Lung metastasis was identified in this patient after 11 months of trametinib-everolimus treatment. Taking into consideration the PDOX results, we treated the patient with nab-paclitaxel. We observed stable disease, but lung metastasis progressed 4 months later. As a fourth line of treatment, sorafenib plus doxorubicin was administered with acceptable tolerance. Although the rate of tumor growth was reduced and no further dissemination was identified, multiple metastasectomies were performed to treat the patient.
As a future PDOX approach, it would be worthwhile to evaluate the efficacy and toxicity of co-treatments, capturing the three different molecular alterations identified in the patient’s tumor (MAPK1 activation, PRC2 and CDKN2A/B loss), some of which have previously been tested pre-clinically,11,33,34 and clinically in cancer patients ([ClinicalTrials.gov identifier: NCT03266159], [ClinicalTrials.gov identifier:NCT01841463])35,36 but we could not do this due to time limitations.

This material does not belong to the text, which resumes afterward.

(* For every family $(\alpha_k)$ as below, $\mathrm{3SAT}^{\mathrm C}\in\mathrm{P}^*_{\mathrm{lsis}}$.
   Context: $\mathbb B=\{T,F\}$. Let $v_1,v_2,\dots$ be propositional variables. For $k\in\mathbb N$ let $d(k)=\binom{2k}{1}+\binom{2k}{2}+\binom{2k}{3}$, and let $L_k$ be the set of sets $L$ of literals from $\{v_1,\neg v_1,\dots,v_k,\neg v_k\}$ with $1\le |L|\le 3$. Let $(\alpha_k)_{k\in\mathbb N}$ be bijections $\alpha_k:[1,d(k)]\to L_k$ such that (i) for all $i$ and $j\in[1,d(i)]$, $\alpha_{i+1}(j)=\alpha_i(j)$; and (ii) the map $\alpha(i)=\alpha_k(i)$ for the least $k$ with $i\le d(k)$ is polynomial-time computable. For $n\in\mathbb N$ let $k$ be such that $d(k)\le n<d(k+1)$ and define $\mathrm{3SAT}^{\mathrm C}_n:\mathbb B^n\to\mathbb B$ by $\mathrm{3SAT}^{\mathrm C}_n(b_1,\dots,b_n)=T$ iff $\bigwedge_{i\in[1,d(k)],\,b_i=T}\bigvee\alpha_k(i)$ is satisfiable; $\mathrm{3SAT}^{\mathrm C}=(\mathrm{3SAT}^{\mathrm C}_n)_n$. A primitive instruction is one of: a plain basic instruction $a$, a positive test instruction $+a$, a negative test instruction $-a$, a forward jump instruction $\#l$ ($l\in\mathbb N$), or the termination instruction $!$. An instruction sequence is a finite nonempty sequence $X=u_1;\dots;u_k$ of primitive instructions; $|X|=k$. $\mathrm{SIS}_{br}$ is the set of instruction sequences all of whose basic instructions belong to $\{\mathrm{in}{:}i.\mathrm{get}: i\ge1\}\cup\{\mathrm{out}.\mathrm{set}{:}T\}\cup\{\mathrm{split}(\mathrm{par}{:}i),\mathrm{reply}(\mathrm{par}{:}i): i\ge1\}$, where $\mathrm{in}{:}i$, $\mathrm{out}$ name Boolean registers and $\mathrm{par}{:}i$ are Boolean parameters. Splitting execution of $X\in\mathrm{SIS}_{br}$ on input $b\in\mathbb B^n$ is a finite tree of branches; each branch has a counter (initially 1) and a partial assignment $\sigma$ of Boolean parameters (initially empty). A branch deadlocks if its counter exceeds $k$, if it reaches $\#0$, if it executes $\mathrm{in}{:}j.\mathrm{get}$ with $j>n$, if it executes $\mathrm{reply}(p)$ with $\sigma(p)$ undefined, or if it executes $\mathrm{split}(p)$ with $\sigma(p)$ defined. At position $i$: $!$ terminates the branch successfully; $\#l$ ($l>0$) moves the counter to $i+l$; for $u_i\in\{a,+a,-a\}$ the basic instruction $a$ yields reply $r$ ($\mathrm{in}{:}j.\mathrm{get}$ yields $b_j$; $\mathrm{out}.\mathrm{set}{:}T$ yields $T$; $\mathrm{reply}(p)$ yields $\sigma(p)$; $\mathrm{split}(p)$ with $\sigma(p)$ undefined replaces the branch by two branches, one with $r=T$ and assignment $\sigma\cup\{p\mapsto T\}$ and one with $r=F$ and assignment $\sigma\cup\{p\mapsto F\}$), and the counter becomes $i+1$ for $a$; for $+a$: $i+1$ if $r=T$, $i+2$ if $r=F$; for $-a$: $i+1$ if $r=F$, $i+2$ if $r=T$. $X$ splitting computes $f:\mathbb B^n\to\mathbb B$ if for every $b\in\mathbb B^n$, every branch terminates successfully, and $f(b)=T$ iff some branch executes $\mathrm{out}.\mathrm{set}{:}T$. $\mathrm{P}^*_{\mathrm{lsis}}$ is the class of Boolean function families $(f_n)_{n\in\mathbb N}$, $f_n:\mathbb B^n\to\mathbb B$, for which there is a polynomial $h$ such that for every $n$ some $X\in\mathrm{SIS}_{br}$ splitting computes $f_n$ with $|X|\le h(n)$. *)

theory Defs
  imports Main "HOL-Computational_Algebra.Polynomial"
begin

In addition, our patient did not present local relapse, but lung metastasis and our PDOX model was not intended for modeling metastasis. To obtain the metastatic model, the primary tumor needs to be removed and then wait for metastasis to occur, an approach difficult to achieve in real-time co-clinical studies. Another limitation is that our PDOX model does not fully mimic the clinical course of the patient as the mice did not receive focal irradiation and brachytherapy as did the patient after relapse resection. Whereas radiotherapy treatments are frequent in clinical practice, they are difficult to implement in mice. Local irradiation is possible when the mouse is implanted in the sciatic nerve, but not in the lung. In order to optimize time and efforts, an ideal scenario would be the combination of PDOX with other strategies based on in vitro development of tumoroids or HDRA assays (histoculture drug response assay) that could be faster and cheaper. However in vitro studies do not obtain information regarding pharmacodynamic or pharmacokinetic aspects since most of them depend on the route of administration and solvents used. Finally, it is important to note that relapsed MPNST is a condition with a grim prognosis. Therapies directed by pre-clinical experiments may raise ethical considerations, and short- and long-term toxicities should be discussed with the patient.
Conclusion
In summary, our work demonstrates the feasibility of achieving a combined approach that includes the generation of PDOX models with the integration of genomic data used in real-time to guide critical clinical therapeutic decisions. However, the results observed in our model did not exactly recapitulate the patient’s response. Certainly the time constraints of real-time pre-clinical studies greatly influence the possibility of generating the best models to mimic the patient’s condition. However, the experience gained in this co-clinical pilot study could help us to better plan for a parallel modeling, to cover different potential scenarios, such as relapse or metastasis.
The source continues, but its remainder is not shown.